Cela fait déjà 5 ans que Laurent Dufaux a tourné le dos au cyclisme.
Cela fait déjà 5 ans que Laurent Dufaux a tourné le dos au cyclisme.
Laurent Dufaux faisait partie de la tête du peloton dans les années 90. Cinq ans après avoir pris sa retraite, le Vaudois de 40 ans donne sa vision sur le cyclisme helvétique d'aujourd'hui et revient sur sa carrière.

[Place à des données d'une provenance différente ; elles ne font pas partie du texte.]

lemma upper_triangular_mult:
  fixes A B :: "'a::semiring_0 mat"
  assumes A: "A \<in> carrier_mat n n" and B: "B \<in> carrier_mat n n"
    and "upper_triangular A" "upper_triangular B"
  shows "upper_triangular (A * B)"
proof
  fix i j
  assume ji: "j < i" and "i < dim_row (A * B)"
  then have i: "i < n" using A by simp
  have "A $$ (i,k) * B $$ (k,j) = 0" if "k < n" for k
    using upper_triangularD[OF assms(3), of k i] upper_triangularD[OF assms(4), of j k] A B i ji that
    by (cases "k < i") auto
  then show "(A * B) $$ (i,j) = 0"
    using A B i ji by (simp add: index_mult_mat_sum[of _ n n] del: index_mult_mat)
qed

lemma mult_mem_borel:
  assumes "a \<in> borel k n" "b \<in> borel k n"
  shows "a * b \<in> borel k n"
  using assms borelD[OF assms(1)] borelD[OF assms(2)] upper_triangular_mult[of a n b]
  unfolding borel_def grp_def by (cases k) (auto simp: det_mult)

lemma bruhat_cell_carrier:
  assumes "g \<in> bruhat_cell k n w"
  shows "g \<in> carrier_mat n n"
proof -
  obtain b1 b2 c where "b1 \<in> borel k n" "b2 \<in> borel k n" "g = b1 * (c \<cdot>\<^sub>m perm_mat n w) * b2"
    using assms unfolding bruhat_cell_def by blast
  then show ?thesis
    using borelD(1) by (auto simp: perm_mat_def intro!: mult_carrier_mat[of _ n n _ n])
qed

lemma mult_bruhat_cell:
  assumes "b \<in> borel k n" "g \<in> bruhat_cell k n w"
  shows "b * g \<in> bruhat_cell k n w"
proof -
  obtain b1 b2 c where b: "b1 \<in> borel k n" "b2 \<in> borel k n" "c \<cdot>\<^sub>m perm_mat n w \<in> grp k n"
    and g: "g = b1 * (c \<cdot>\<^sub>m perm_mat n w) * b2"
    using assms(2) unfolding bruhat_cell_def by blast
  have "b * g = (b * b1) * (c \<cdot>\<^sub>m perm_mat n w) * b2"
    using borelD(1)[OF assms(1)] borelD(1)[OF b(1)] borelD(1)[OF b(2)]
    by (simp add: g perm_mat_def assoc_mult_mat[of _ n n _ n _ n])
  then show ?thesis
    unfolding bruhat_cell_def using b mult_mem_borel[OF assms(1) b(1)] by blast
qed

lemma tendsto_det:
  assumes A: "\<And>m. A m \<in> carrier_mat n n" and B: "B \<in> carrier_mat n n"
    and conv: "\<And>i j. i < n \<Longrightarrow> j < n \<Longrightarrow> (\<lambda>m. A m $$ (i,j)) \<longlonglongrightarrow> B $$ (i,j)"
  shows "(\<lambda>m. det (A m)) \<longlonglongrightarrow> (det B :: complex)"
proof -
  have "(\<lambda>m. \<Sum>p \<in> {p. p permutes {0..<n}}. signof p * (\<Prod>i = 0..<n. A m $$ (i, p i)))
      \<longlonglongrightarrow> (\<Sum>p \<in> {p. p permutes {0..<n}}. signof p * (\<Prod>i = 0..<n. B $$ (i, p i)))"
    by (intro tendsto_sum tendsto_mult_left tendsto_prod conv) (auto simp: permutes_in_image)
  then show ?thesis using det_def'[OF A] det_def'[OF B] by presburger
qed

section \<open>Degenerating a Bruhat cell to a smaller permutation\<close>

text \<open>Let \<open>\<tau>\<close> be an involution such that each of its transpositions \<open>(p, \<tau> p)\<close> is an
  inversion of \<open>w\<close>. Column operations by \<open>degen_right\<close> and row operations by \<open>degen_left\<close>
  turn the monomial matrix of \<open>w\<close> into the signed monomial matrix of \<open>w \<circ> \<tau>\<close> up to a term
  of order \<open>e\<close>; letting \<open>e \<rightarrow> 0\<close> puts the latter into the closure of the cell.\<close>

definition degen_left :: "nat \<Rightarrow> (nat \<Rightarrow> nat) \<Rightarrow> (nat \<Rightarrow> nat) \<Rightarrow> complex \<Rightarrow> complex mat" where
  "degen_left n w \<tau> e = mat n n (\<lambda>(i,r). if i = r then 1
     else if i < r \<and> r = w (\<tau> (Hilbert_Choice.inv w i)) then 1 / e else 0)"

definition degen_scale :: "(nat \<Rightarrow> nat) \<Rightarrow> complex \<Rightarrow> nat \<Rightarrow> complex" where
  "degen_scale \<tau> e j = (if j < \<tau> j then e else if \<tau> j < j then 1 / e else 1)"

definition degen_right :: "nat \<Rightarrow> (nat \<Rightarrow> nat) \<Rightarrow> complex \<Rightarrow> complex mat" where
  "degen_right n \<tau> e = mat n n (\<lambda>(t,j). if t = j then degen_scale \<tau> e j
     else if t = \<tau> j \<and> t < j then -1 else 0)"

lemma degen_left_carrier [simp]: "degen_left n w \<tau> e \<in> carrier_mat n n"
  and degen_right_carrier [simp]: "degen_right n \<tau> e \<in> carrier_mat n n"
  by (simp_all add: degen_left_def degen_right_def)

Le cyclisme helvétique connaît une étape de transition. Après
avoir atteint les sommets dans les années 90 avec les Dufaux, Zülle
et autre Rominger, la Suisse est rentrée dans le peloton. Il y a
bien sûr Fabian Cancellara et ses succès "en solitaire". Mais
derrière le Bernois, les jeunes restent en retrait.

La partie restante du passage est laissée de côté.